[Xapian-devel] GSOC : Language Modelling for information retrieval with Diversified Search results

Gaurav Arora gauravarora.daiict at gmail.com
Sat Mar 24 19:52:50 GMT 2012


On Thu, Mar 22, 2012 at 3:04 PM, Olly Betts <olly at survex.com> wrote:

> On Thu, Mar 22, 2012 at 06:40:46AM +0530, Gaurav Arora wrote:
> > Language Modelling for Information retrieval approach  focus on building
> > probabilistic language models for documents and rank document based on
> > probability of model generating the query.Technique is heavy and costlier
> > than the traditional information retrieval technique but has proved to
> > preform better in literature than traditional methods.
> >
> > Language modelling approach performs better as it tries to capture word
> and
> > phrase association to capture user context.
>
> How well does it fit with Xapian's concept of what a weighting scheme is
> though?
>
>   Language Modelling  deviates a bit from the xapian concept of weighting
scheme.xapian considers weighting of document as *sum of scores* for
individual query keywords( score of terms taken from get_sumpart() from
weight class) added with extra part of score(taken from get_extrapart() of
weight class). whereas language modelling considers weighting of document
as *product of probability* of term occurring given the language model of
document.


> The scale of a project to implement this would be hugely different if
> you are essentially implementing a Xapian::Weight subclass, or
> implementing a whole new matcher, and possibly also new backend
> data-structures.  I've not look closely enough at LM to know which
> would be the case.
>
>    As per requirements of LM and available framework of xapian,inclusion
of LM to xapian will require

   1.) implementation of Xapain::Weight subclass for Language Model .
   2.) Modification of Matcher or new matcher  since LM requires to weight
by product of probability of term given with application of smoothing
factors using collection frequency of words and  normalized document length
(*Dirichlet* *smoothing*) instead of xapian current implementation which
sums individual contribution for terms.

LM requires collection frequency for the words while doing smoothing, i
checked using xapian-delve tool these statistics are maintained by the
backend data-structures. it <http://data-structures.it> will save
implementation of language  model from adding any data-structure to the
backend.


> BTW, on the very next page to the one you link to says:
>
>    Nevertheless, there is perhaps still insufficient evidence that its
>    performance so greatly exceeds that of a well-tuned traditional
>    vector space retrieval system as to justify changing an existing
>    implementation.
>
>
> http://nlp.stanford.edu/IR-book/html/htmledition/language-modeling-versus-other-approaches-in-ir-1.html
>
> Both DfR and Learning to Rank are claimed to outperform BM25 and vector
> space models too - do you know how LM compares to these?  I don't recall
> seeing any such comparisons myself.
>
>
LM cliams to outperform both BM25 and Vector space model when used with KL
divergence and Dirichlet smoothing.otherwise if LM is used without KL
divergence and Dirichlet smoothing BM25 outperforms LM.
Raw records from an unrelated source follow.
(* $\mathcal{B}$ and $\mathcal{B}_{\mathcal{U}}$ are weak quadratic algebras, and $\widehat{\mu}$ is a $q$-measure on the weak quadratic algebra $\mathcal{B}$ that extends $\mu$ (i.e. $\mathcal{C}\subseteq\mathcal{B}$ and $\widehat{\mu}=\mu$ on $\mathcal{C}$).
   Context: For $n\ge1$, $\Omega_n$ is the set of strings $\alpha_0\alpha_1\cdots\alpha_n$ with $\alpha_k\in\{0,1\}$, $\alpha_0=0$. For $\omega=\alpha_0\cdots\alpha_n$, $\omega'=\alpha'_0\cdots\alpha'_n\in\Omega_n$ let $D^n(\omega,\omega')=2^{-n}\prod_{k=1}^n i^{|\alpha_k-\alpha_{k-1}|}\prod_{k=1}^n i^{-|\alpha'_k-\alpha'_{k-1}|}\,\delta_{\alpha_n\alpha'_n}$ ($i=\sqrt{-1}$) and for $A\subseteq\Omega_n$, $\mu_n(A)=\sum_{\omega,\omega'\in A}D^n(\omega,\omega')$. $\Omega$ is the set of infinite sequences $\alpha_0\alpha_1\cdots$ with $\alpha_k\in\{0,1\}$, $\alpha_0=0$. A cylinder set is a set $\{\alpha_0\alpha_1\cdots\in\Omega:\alpha_0\cdots\alpha_n\in E\}$ with $E\subseteq\Omega_n$; $\mathcal{C}$ is the collection of cylinder sets and $\mu$ of such a set is $\mu_n(E)$ (well defined). For $A\subseteq\Omega$ and $n\ge0$, $A^{(n)}=\{\omega\in\Omega:\text{some }\omega'\in A\text{ has the same first }n+1\text{ entries as }\omega\}$. $A$ is beneficial if $\lim_n\mu(A^{(n)})$ exists and is finite, and then $\widehat{\mu}(A)=\lim_n\mu(A^{(n)})$; $\mathcal{B}$ is the collection of beneficial sets. $A$ is an upper set if $A=\bigcup_n\big(\Omega\setminus(\Omega\setminus A)^{(n)}\big)$; $\mathcal{U}$ is the collection of upper sets and $\mathcal{B}_{\mathcal{U}}=\{A\in\mathcal{U}:\lim_n\mu(\Omega\setminus(\Omega\setminus A)^{(n)})\text{ exists}\}$. Sets $A,B\subseteq\Omega$ are strongly disjoint if $A^{(n)}\cap B^{(n)}=\emptyset$ for some $n$. A collection $Q\subseteq 2^\Omega$ is a weak quadratic algebra if $\emptyset,\Omega\in Q$ and whenever $A,B,C\in Q$ are (pairwise) strongly disjoint with $A\cup B,A\cup C,B\cup C\in Q$, then $A\cup B\cup C\in Q$. A $q$-measure on a weak quadratic algebra $Q$ is a map $\nu:Q\to[0,\infty)$ such that for such $A,B,C$: $\nu(A\cup B\cup C)=\nu(A\cup B)+\nu(A\cup C)+\nu(B\cup C)-\nu(A)-\nu(B)-\nu(C)$. *)

theory Defs
  imports Complex_Main
begin

text \<open>Bits are encoded as booleans: False = 0, True = 1.
  Infinite sequences are functions nat \<Rightarrow> bool; finite strings
  alpha_0 ... alpha_n are lists of length n+1.\<close>

type_synonym path = "nat \<Rightarrow> bool"

definition Omega :: "path set" where
  "Omega = {w. w 0 = False}"

definition Omega_n :: "nat \<Rightarrow> bool list set" where
  "Omega_n n = {xs. length xs = Suc n \<and> xs ! 0 = False}"

text \<open>i^{|alpha_k - alpha_{k-1}|}: equals i if the bits differ, 1 otherwise.\<close>
definition D :: "nat \<Rightarrow> bool list \<Rightarrow> bool list \<Rightarrow> complex" where
  "D n xs ys =
     (1 / 2 ^ n) *
     (\<Prod>k\<in>{1..n}. \<i> ^ (if xs ! k = xs ! (k - 1) then 0 else 1)) *
     (\<Prod>k\<in>{1..n}. (inverse \<i>) ^ (if ys ! k = ys ! (k - 1) then 0 else 1)) *
     (if xs ! n = ys ! n then 1 else 0)"

definition mu_n :: "nat \<Rightarrow> bool list set \<Rightarrow> complex" where
  "mu_n n A = (\<Sum>x\<in>A. \<Sum>y\<in>A. D n x y)"

definition prefix :: "nat \<Rightarrow> path \<Rightarrow> bool list" where
  "prefix n w = map w [0..<Suc n]"

definition cyl :: "nat \<Rightarrow> bool list set \<Rightarrow> path set" where
  "cyl n E = {w \<in> Omega. prefix n w \<in> E}"

definition Cyl :: "path set set" where
  "Cyl = {cyl n E | n E. 1 \<le> n \<and> E \<subseteq> Omega_n n}"

text \<open>mu on cylinder sets: the value mu_n(E) for a representation A = cyl n E
  (well defined, as stated in the paper).\<close>
definition mu :: "path set \<Rightarrow> complex" where
  "mu A = (SOME c. \<exists>n E. 1 \<le> n \<and> E \<subseteq> Omega_n n \<and> A = cyl n E \<and> c = mu_n n E)"

definition up :: "nat \<Rightarrow> path set \<Rightarrow> path set" where
  "up n A = {w \<in> Omega. \<exists>w'\<in>A. \<forall>k\<le>n. w k = w' k}"

definition beneficial :: "path set \<Rightarrow> bool" where
  "beneficial A \<longleftrightarrow> A \<subseteq> Omega \<and> convergent (\<lambda>n. mu (up n A))"

definition Ben :: "path set set" where
  "Ben = {A. beneficial A}"

definition muhat :: "path set \<Rightarrow> complex" where
  "muhat A = lim (\<lambda>n. mu (up n A))"

definition upper_set :: "path set \<Rightarrow> bool" where
  "upper_set A \<longleftrightarrow> A \<subseteq> Omega \<and> A = (\<Union>n. Omega - up n (Omega - A))"

definition Ben_U :: "path set set" where
  "Ben_U = {A. upper_set A \<and> convergent (\<lambda>n. mu (Omega - up n (Omega - A)))}"
(* For each $n$ let $\tau_n$ be the $2^n\times 2^n$ diagonal matrix with every diagonal entry equal to $2^{-n}$. For every natural number $k$ there is a constant $t$ such that for all $n$, $QK^{2^{-k}}(\tau_n)\ge n+K(n)-t$.
   Context: Let $\mathbb{U}$ be a fixed universal prefix-free Turing machine and $K$ the associated prefix-free Kolmogorov complexity (for a natural number $n$, $K(n)$ is the complexity of $n$). Finite sets of vectors with complex algebraic entries are coded by natural numbers via a fixed canonical effective indexing; $\mathbb{U}(\sigma)\downarrow=F$ means that $\mathbb{U}$ on input $\sigma$ halts and outputs the code of $F$. $\mathbb{C}^{2^n}_{alg}$ denotes the set of vectors in $\mathbb{C}^{2^n}$ all of whose entries are complex algebraic numbers. All logarithms are base 2. For a density matrix $\tau$ on $\mathbb{C}^{2^{n}}$ write $|\tau|=n$. For $\epsilon>0$ define $QK^{\epsilon}(\tau)=\inf\{|\sigma|+\log|F| : \mathbb{U}(\sigma)\downarrow=F,\ F \text{ an orthonormal subset of } \mathbb{C}^{2^{|\tau|}}_{alg},\ \sum_{v\in F}\langle v|\tau|v\rangle>\epsilon\}$, with $\inf\emptyset=\infty$. *)

theory Defs
  imports Complex_Main "HOL-Library.Nat_Bijection" "HOL-Library.Extended_Real"
    "HOL-Computational_Algebra.Polynomial"
begin

datatype recf = Zf | Sf | Idf nat | Cnf recf "recf list" | Prf recf recf | Mnf recf

inductive evalr :: "recf \<Rightarrow> nat list \<Rightarrow> nat \<Rightarrow> bool" where
  ev_Z: "evalr Zf xs 0"
| ev_S: "evalr Sf (x # xs) (Suc x)"
| ev_Id: "i < length xs \<Longrightarrow> evalr (Idf i) xs (xs ! i)"
| ev_Cn: "list_all2 (\<lambda>g z. evalr g xs z) gs zs \<Longrightarrow> evalr f zs y \<Longrightarrow> evalr (Cnf f gs) xs y"
| ev_Pr0: "evalr f xs y \<Longrightarrow> evalr (Prf f g) (0 # xs) y"
| ev_PrS: "evalr (Prf f g) (n # xs) z \<Longrightarrow> evalr g (z # n # xs) y \<Longrightarrow> evalr (Prf f g) (Suc n # xs) y"
| ev_Mn: "evalr f (y # xs) 0 \<Longrightarrow> (\<forall>z<y. \<exists>w. w > 0 \<and> evalr f (z # xs) w) \<Longrightarrow> evalr (Mnf f) xs y"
 A comparative study which proves LM outperform BM25 model is presented by
http://dl.acm.org/citation.cfm?id=1378323 on page 6 ,Unigram language model
based on Kullback-Leibler divergence, using Dirichlet prior smoothing gives
best results and outperforms these models.

whereas in one comparison in available in
http://dl.acm.org/citation.cfm?id=1813934 shows DFR outperform LM. I could
not get any comparison between LM and Learning to rank.

Clinchant et. al. in Bridging Language Modeling and Divergence from
Randomness Models ( http://dl.acm.org/citation.cfm?id=1612342 ) propose a
approach which presents a log-logistic model which bridges gap between LM
and DFR and have proved to be performing either comparatively and also
outperform Language model on some standard document collection.

I would like to share one conjecture from initial paper of LM by Bruce
croft:

LM is simple enough to be explained to a user at intuitive level and
understanding of it will facilitate information in forming better queries.A
user that understand system at intuitive level will tend to think in-terms
of word which will help system distinguish document of interest from
everything else.

this intuitive behavior of LM with comparable performance of BM25 might
prove beneficial when xapian is used as application by real set of users to
search *gmane* due to better intuitive understanding of system which is
difficult to attain in other models due to inherent complex heuristics used.

Do mentors think it  will still be useful to include LM in xapian with
amount of work specified by modifying matcher and implementing weight
subclass?


> > Since search result diversification is its naive form performed by
> > expanding query with different context and adding document from different
> > context in final rank-list, thereby catering to all context of query.
> >
> > I was thinking if i can use the algorithm implemented in expanded set for
> > query expansion and implement a new algorithm in Search diversification
> in
> > this way query expansion feature of xapian will also get powerful.
>
> Possibly, but maybe it would be better to use an approach from the
> literature which has already been tried and evaluated?
>
>   yes,sorry for vague term in my description,with new algorithm i meant
algorithm not implemented in xapian but reported to be tried and evaluated
in literature.

I did a little survey on the Diversification of Search results.I found
algorithm categorized in two category viz. implicit and explicit.
Implicit algorithm use taxonomy or other categorization information
knowledge available like taxonomy available by http://www.dmoz.org .
whereas explicit algorithm avoid using any such information and relies on
queries and documents content and statistics only.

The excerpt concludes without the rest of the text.